Иоганн не выдержал, и слегка – вежливо, словно покашливая, – застонал. Очень уж болело обожженное лицо. На пороге дома появился мужчина в гражданской одежде и с автоматом. От этого он выглядел, словно живое воплощение диалектического материализма. Крикнул:

– Кто хочет в лес, уходим, – крикнул он.

– Скоро придут немцы, а не они, так советские! – крикнул он.

– Да, лесной брат, – крикнула невестка в ответ, пока мужчина мерил взглядом ее пышные груди.

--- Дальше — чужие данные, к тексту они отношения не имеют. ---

theorem theorem1:
  fixes n0 n1 :: "nat \<Rightarrow> nat"
  assumes "\<forall>m. 2 \<le> n0 m \<and> n0 m \<le> n1 m"
    and "filterlim n1 at_top sequentially"
    and "filterlim (\<lambda>m. log 2 (real (n0 m)) / log 2 (log 2 (real (n1 m)))) at_top sequentially"
  shows "(\<lambda>m. real (ch_Kbip (n0 m) (n1 m)) /
              (log 2 (real (n1 m)) /
               log 2 (root_x0 (log 2 (real (n1 m)) / log 2 (real (n0 m))))))
         \<longlonglongrightarrow> 1"
  unfolding ch_Kbip_estimate_def[symmetric] tendsto_iff dist_real_def
proof (intro allI impI)
  fix r :: real
  assume "0 < r"
  define e where "e = min (1 / 2) (r / 3)"
  have e: "0 < e" "e \<le> 1 / 2" "2 * e < r"
    using \<open>0 < r\<close> by (auto simp: e_def)
  have "eventually (\<lambda>m. 14 / (1 - 2 powr (- e / 2)) \<le> log 2 (real (n1 m))) sequentially"
    using assms(2) by (rule eventually_log_ge)
  moreover have "eventually (\<lambda>m. 6 / e \<le> log 2 (real (n0 m)) / log 2 (log 2 (real (n1 m)))) sequentially"
    using assms(3) by (simp add: filterlim_at_top)
  ultimately show "eventually (\<lambda>m. \<bar>real (ch_Kbip (n0 m) (n1 m)) / ch_Kbip_estimate (n0 m) (n1 m) - 1\<bar> < r)
      sequentially"
  proof eventually_elim
    case (elim m)
    have "0 < log 2 (log 2 (real (n1 m)))"
      using large_parameter_bounds(3)[OF e(1) elim(1)] by simp
    then have "6 * log 2 (log 2 (real (n1 m))) \<le> e * log 2 (real (n0 m))"
      using elim(2) e(1) by (simp add: field_simps)
    then show ?case
      using ch_Kbip_ratio_bound[OF _ _ e(1,2) elim(1)] assms(1) e(3) by fastforce
  qed
qed

end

Старик осуждающе покачал головой. Сказал:

– Дал бог потаскушку-невестку, – сказал он.

Потом улыбнулся. Сказал на-русском Иоганну.

– Товарищ, мы так долго ждали тебя! – сказал он.

Тут Иоганн улыбнулся, понял, что он среди своих, и решил, что самый темный час кончился и, – как и обещал инструктор иностранных языков в разведшколе, – наступает рассвет.

…закопали тело Иоганна на рассвете.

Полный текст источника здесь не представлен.